ST. PAUL, Minn. (AP) — Gov. Mark Dayton stopped short Thursday of expressing full faith in the executive leadership of Minnesota's health insurance exchange, calling continued problems at MNsure "unacceptable" and saying they must be resolved very soon.
The Democratic governor was asked Thursday if he's confident that exchange leaders were adequately addressing several problems. He said he'd wait a week to 10 days to render that judgment.
Minnesotans who want to buy private insurance coverage effective Jan. 1 under the federal health overhaul have until Dec. 23 to get it through MNsure. Dayton said the days leading up to that deadline "will be critical not only to the functioning of the operation given the timetable but also the capability of the senior staff and the board to manage the organization through this challenging time."
Nearly 25,000 people had enrolled in coverage through MNsure by Nov. 30, for a total number of people covered of 71,579 because of family insurance plans. But aspects of the MNsure operation have been plagued by problems. Callers to its hotline have been experiencing waits of up to an hour, and Minnesota insurance companies have complained that they continue to get inaccurate or incomplete information about insurance enrollees from the agency.
In a statement released by MNsure, board chairman Brian Beutner said he agreed with Dayton on the importance of solving outstanding problems. He noted that the agency upped staffing at its call center, and is working with insurance companies to solve the data transfer issues.
"As with any startup, we will continue to see new issues come up and the MNsure team is working around the clock to resolve issues as they come up," Beutner said.
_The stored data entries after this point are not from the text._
(* Under the same setting as Lemma 2.8 ($c\ge0$, $d\in\{0,1,2,\dots\}$, $\lambda>0$, $q=e^{-\lambda/N}$, $\mathsf{s}=e^{-\lambda}$, fixed integers $p\ge1$, $0\le i\le p$), as $N\to\infty$, $$\sum_{j=0}^{N-1}f_i^{(c,d)}(j)=\Big(\frac{N}{\lambda}\Big)^{p+1}\frac{1}{i!(p-i)!}\Big(\mathcal{B}_{i,0}+\mathcal{B}_{i,1}\frac{\lambda}{N}+O(N^{-2})\Big),$$ where $\mathcal{B}_{i,0}=\lambda\mathcal{A}_{i,0}$ and $\mathcal{B}_{i,1}=\lambda\big(\mathcal{A}^{(1)}_{i,1}+\mathcal{A}^{(2)}_{i,1}+\mathcal{A}^{(3)}_{i,1}\big)-\frac12(1-\mathsf{s}^{c+1})^i(1-\mathsf{s})^{p-i}\mathsf{s}^{p+c(p-i)}+\frac12(1-\mathsf{s}^c)^p\delta_{i,p}$.
   Context: For real $x$ and integer $m\ge0$ define $\begin{bmatrix} x\\ m\end{bmatrix}_q=\prod_{k=1}^{m}\frac{1-q^{x-m+k}}{1-q^{k}}$. For real $y\ge0$, $f_i^{(c,d)}(y)=q^{(cN+d)(p-i)+py}\begin{bmatrix} cN+d+y\\ i\end{bmatrix}_q\begin{bmatrix} p-i+y\\ p-i\end{bmatrix}_q$. The constants are $\mathcal{A}_{i,0}=\mathsf{s}^{c(p-i)}\int_0^1\mathsf{s}^{pt}(1-\mathsf{s}^t)^{p-i}(1-\mathsf{s}^{c+t})^i\,dt$, $\mathcal{A}^{(1)}_{i,1}=\mathsf{s}^{c(p-i+1)}\frac{i(2d-i+1)}{2}\int_0^1\mathsf{s}^{(p+1)t}(1-\mathsf{s}^t)^{p-i}(1-\mathsf{s}^{c+t})^{i-1}\,dt$, $\mathcal{A}^{(2)}_{i,1}=\mathsf{s}^{c(p-i)}\frac{(p-i)(p-i+1)}{2}\int_0^1\mathsf{s}^{(p+1)t}(1-\mathsf{s}^t)^{p-i-1}(1-\mathsf{s}^{c+t})^{i}\,dt$, $\mathcal{A}^{(3)}_{i,1}=\frac{4di+2i^2+p-4dp-2ip+p^2}{4}\mathcal{A}_{i,0}$. $\delta$ is the Kronecker delta. *)

theory Defs
  imports "HOL-Analysis.Analysis" "HOL-Library.Landau_Symbols"
begin

definition qbinom :: "real \<Rightarrow> real \<Rightarrow> nat \<Rightarrow> real" where
  "qbinom q x m = (\<Prod>k=1..m. (1 - q powr (x - real m + real k)) / (1 - q ^ k))"

definition fcd :: "real \<Rightarrow> nat \<Rightarrow> real \<Rightarrow> nat \<Rightarrow> nat \<Rightarrow> nat \<Rightarrow> real \<Rightarrow> real" where
  "fcd q N c d p i y =
     q powr ((c * real N + real d) * real (p - i) + real p * y)
     * qbinom q (c * real N + real d + y) i
     * qbinom q (real (p - i) + y) (p - i)"

definition A0 :: "real \<Rightarrow> real \<Rightarrow> nat \<Rightarrow> nat \<Rightarrow> real" where
  "A0 s c p i = s powr (c * real (p - i)) *
     integral {0..1} (\<lambda>t. s powr (real p * t) * (1 - s powr t) ^ (p - i) * (1 - s powr (c + t)) ^ i)"

definition A1_1 :: "real \<Rightarrow> real \<Rightarrow> nat \<Rightarrow> nat \<Rightarrow> nat \<Rightarrow> real" where
  "A1_1 s c d p i = s powr (c * (real p - real i + 1)) *
     (real i * (2 * real d - real i + 1) / 2) *
     integral {0..1} (\<lambda>t. s powr ((real p + 1) * t) * (1 - s powr t) ^ (p - i) * (1 - s powr (c + t)) ^ (i - 1))"

definition A1_2 :: "real \<Rightarrow> real \<Rightarrow> nat \<Rightarrow> nat \<Rightarrow> real" where
  "A1_2 s c p i = s powr (c * real (p - i)) *
     (real (p - i) * (real (p - i) + 1) / 2) *
     integral {0..1} (\<lambda>t. s powr ((real p + 1) * t) * (1 - s powr t) ^ (p - i - 1) * (1 - s powr (c + t)) ^ i)"
(* Let $\lambda_1,\lambda_2\in\Delta$, $(s,p)=(\lambda_1+\lambda_2,\lambda_1\lambda_2)\in\Gamma$, and let $\beta\in\mathbb{C}$ with $|\beta|\le1$ be such that $s=\beta+\bar\beta p$, where, in the case $|p|=1$, $\beta=\tfrac12 s$. Let $a\in\mathbb{C}$. The following statements are equivalent: (1) $(a,s,p)\in\overline{\mathcal{P}}$; (2) $(a,s,p)\in\overline{\mathcal{P}_\mu}$; (3) $|a|\le\left|1-\dfrac{\tfrac12 s\bar\beta}{1+\sqrt{1-|\beta|^2}}\right|$; (4) $|a|\le\tfrac12|1-\bar\lambda_2\lambda_1|+\tfrac12(1-|\lambda_1|^2)^{1/2}(1-|\lambda_2|^2)^{1/2}$; (5) $|\Psi_z(a,s,p)|\le1$ for all $z\in\mathbb{D}$; (6) there exists $A\in\mathbb{C}^{2\times2}$ with $\|A\|\le1$ and $\pi(A)=(a,s,p)$; (7) there exists $A\in\mathbb{C}^{2\times2}$ with $\mu_E(A)\le1$ and $\pi(A)=(a,s,p)$.
   Context: $\mathbb{D}$ is the open and $\Delta$ the closed unit disc; $\Gamma=\{(z+w,zw):|z|\le1,|w|\le1\}$ (closure of the symmetrised bidisc $\mathbb{G}$); for $(s,p)\in\Gamma$ and $z\in\mathbb{D}$ one has $1-sz+pz^2\neq0$. $\mathbb{B}$ is the open unit ball of $\mathbb{C}^{2\times2}$ (operator norm); $\pi(A)=(a_{21},\operatorname{tr}A,\det A)$; $\mathcal{P}=\pi(\mathbb{B})$ and $\overline{\mathcal{P}}$ is its closure in $\mathbb{C}^3$. $E=\{\begin{pmatrix}z&w\\0&z\end{pmatrix}:z,w\in\mathbb{C}\}$, $1/\mu_E(A)=\inf\{\|X\|:X\in E,\det(I-AX)=0\}$; $\mathcal{P}_\mu=\{\pi(A):\mu_E(A)<1\}$, with closure $\overline{\mathcal{P}_\mu}$. $\Psi_z(a,s,p)=a(1-|z|^2)/(1-sz+pz^2)$. *)

theory Defs
  imports "HOL-Analysis.Analysis"
begin

type_synonym cmat2 = "complex^2^2"

definition opnorm :: "cmat2 \<Rightarrow> real" where
  "opnorm A = onorm (\<lambda>x. A *v x)"

text \<open>pi(A) = (a21, tr A, det A); index 1 is the first row/column, 2 the second.\<close>
definition piA :: "cmat2 \<Rightarrow> complex \<times> complex \<times> complex" where
  "piA A = (A $ 2 $ 1, trace A, det A)"

definition Espace :: "cmat2 set" where
  "Espace = {X. X $ 1 $ 1 = X $ 2 $ 2 \<and> X $ 2 $ 1 = 0}"

text \<open>mu_E(A): 1/mu_E(A) = inf {||X|| : X in E, det(I - AX) = 0}; inf of empty set = +oo, so mu_E = 0.\<close>
definition muE :: "cmat2 \<Rightarrow> real" where
  "muE A = (let S = {opnorm X | X. X \<in> Espace \<and> det (mat 1 - A ** X) = 0}
            in if S = {} then 0 else inverse (Inf S))"

definition Pent :: "(complex \<times> complex \<times> complex) set" where
  "Pent = piA ` {A. opnorm A < 1}"

definition Pmu :: "(complex \<times> complex \<times> complex) set" where
  "Pmu = piA ` {A. muE A < 1}"

definition Psi :: "complex \<Rightarrow> complex \<Rightarrow> complex \<Rightarrow> complex \<Rightarrow> complex" where
  "Psi z a s p = a * (1 - (cmod z)^2) / (1 - s * z + p * z^2)"

end

theory Submission
  imports Defs
begin

text \<open>
  The implications \<open>(6) \<Rightarrow> (1) \<Rightarrow> (2) \<Rightarrow> (5) \<Rightarrow> (3) \<Leftrightarrow> (4) \<Rightarrow> (6) \<Rightarrow> (7) \<Rightarrow> (5)\<close> are proved.
  Shrinking a contraction \<open>A\<close> to \<open>t A\<close>, \<open>t \<rightarrow> 1\<^sup>-\<close>, puts \<open>\<pi>(A)\<close> into the closure of \<open>\<P>\<close>, and
  \<open>\<mu>\<^sub>E \<le> \<parallel>\<cdot>\<parallel>\<close> gives \<open>\<P> \<subseteq> \<P>\<^sub>\<mu>\<close>. If \<open>|\<Psi>\<^sub>z(\<pi>(A))| > 1\<close> for some \<open>z \<in> \<bbbD>\<close>, then a matrix
  \<open>X = [[z, w], [0, z]] \<in> E\<close> with \<open>|w| < 1 - |z|\<^sup>2\<close>, hence \<open>\<parallel>X\<parallel> < 1\<close>, makes \<open>I - A X\<close> singular, so
  \<open>\<mu>\<^sub>E(A) > 1\<close>; as (5) is a closed condition it holds on the closure of \<open>\<P>\<^sub>\<mu>\<close>.
  Evaluating (5) at \<open>z = \<beta>\<^sup>* / (1 + \<surd>(1 - |\<beta>|\<^sup>2))\<close> (along a radius when \<open>|\<beta>| = 1\<close>) yields (3),
  the bounds in (3) and (4) coincide by a direct computation, and below that bound an explicit
  contraction \<open>[[s/2 + h, b], [a, s/2 - h]]\<close> realises \<open>(a, s, p)\<close>. Contractivity of \<open>2 \<times> 2\<close> matrices
  is checked throughout by the criterion \<open>\<parallel>A\<parallel> \<le> 1 \<longleftrightarrow> |det A| \<le> 1 \<and> \<parallel>A\<parallel>\<^sub>F\<^sup>2 \<le> 1 + |det A|\<^sup>2\<close>.
\<close>

section \<open>Operator norm of \<open>2 \<times> 2\<close> matrices\<close>

lemma norm_vec2_power2: "(norm (v :: 'a::real_normed_vector^2))^2 = (norm (v$1))^2 + (norm (v$2))^2"
  unfolding norm_vec_def L2_set_def by (simp add: sum_2)

lemma matrix_vector_mult_2:
  fixes A :: "'a::semiring_1^2^2"
  shows "(A *v v)$1 = A$1$1 * v$1 + A$1$2 * v$2" and "(A *v v)$2 = A$2$1 * v$1 + A$2$2 * v$2"
  by (simp_all add: matrix_vector_mult_def sum_2)

lemma trace_2: "trace (A :: 'a::semiring_1^2^2) = A$1$1 + A$2$2"
  by (simp add: trace_def sum_2)

lemma singular_matrix_kernel:
  fixes M :: "'a::field^'n^'n"
  assumes "det M = 0"
  obtains v where "v \<noteq> 0" and "M *v v = 0"
  using assms by (metis invertible_det_nz invertible_left_inverse matrix_left_invertible_ker)

lemma norm_matrix_vector_le_opnorm: "norm (A *v x) \<le> opnorm A * norm x"
  unfolding opnorm_def by (rule onorm[OF matrix_vector_mul_bounded_linear])

lemma opnorm_nonneg: "0 \<le> opnorm A"
  unfolding opnorm_def by (rule onorm_pos_le[OF matrix_vector_mul_bounded_linear])

lemma opnorm_scaleR: "opnorm (t *\<^sub>R A) = \<bar>t\<bar> * opnorm A"
proof -
  have "(\<lambda>x. (t *\<^sub>R A) *v x) = (\<lambda>x. t *\<^sub>R (A *v x))"
    unfolding matrix_vector_mult_def by (simp add: fun_eq_iff vec_eq_iff scaleR_sum_right)
  then show ?thesis
    unfolding opnorm_def by (simp add: onorm_scaleR matrix_vector_mul_bounded_linear)
qed

lemma opnorm_le_if_coordinate_bound:
  fixes A :: cmat2
  assumes "0 \<le> c"
    and "\<And>x1 x2. cmod (A$1$1 * x1 + A$1$2 * x2)^2 + cmod (A$2$1 * x1 + A$2$2 * x2)^2
               \<le> c^2 * (cmod x1^2 + cmod x2^2)"
  shows "opnorm A \<le> c"
  unfolding opnorm_def
proof (rule onorm_le)
  fix x :: "complex^2"
  have "norm (A *v x)^2 = cmod (A$1$1 * x$1 + A$1$2 * x$2)^2 + cmod (A$2$1 * x$1 + A$2$2 * x$2)^2"
    by (simp only: norm_vec2_power2 matrix_vector_mult_2)
  also have "\<dots> \<le> (c * norm x)^2"
    using assms(2) by (simp only: norm_vec2_power2 power_mult_distrib)
  finally show "norm (A *v x) \<le> c * norm x"
    by (rule power2_le_imp_le) (simp add: assms(1))
qed

lemma two_mult_le_quadratic_form:
  fixes h1 h2 g x y :: real
  assumes "0 \<le> h1" "0 \<le> h2" "g^2 \<le> h1 * h2" "0 \<le> x" "0 \<le> y"
  shows "2 * g * x * y \<le> h1 * x^2 + h2 * y^2"
proof -
  have "\<bar>g\<bar> \<le> sqrt h1 * sqrt h2"
    using assms(3) by (simp add: real_le_rsqrt real_sqrt_mult[symmetric])
  then have "g * (x * y) \<le> (sqrt h1 * sqrt h2) * (x * y)"
    using assms(4,5) by (meson abs_ge_self order_trans mult_right_mono mult_nonneg_nonneg)
  then have "2 * g * x * y \<le> 2 * (sqrt h1 * x) * (sqrt h2 * y)"
    by (simp add: algebra_simps)
  also have "\<dots> \<le> (sqrt h1 * x)^2 + (sqrt h2 * y)^2"
    using sum_squares_bound[of "sqrt h1 * x" "sqrt h2 * y"] by simp
  also have "\<dots> = h1 * x^2 + h2 * y^2"
    using assms(1,2) by (simp add: power_mult_distrib)
  finally show ?thesis .
qed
Dayton was also asked about a report on Watchdog.org, a conservative news site, that MNsure's executive director April Todd-Malmlov took a nearly two-week vacation to Costa Rica in late November. The site criticized her for taking time off in a period where site and call center problems were still unresolved.
MNsure confirmed the vacation but said Todd-Malmlov notified board members of her absence and was in daily phone and email contact with agency staff. Dayton said his office also got notice of the vacation.
Dayton signed the legislation that created MNsure and appointed its board. He noted that the board now has direct authority over Todd-Malmlov.
Associated Press reporter Brian Bakst contributed to this report.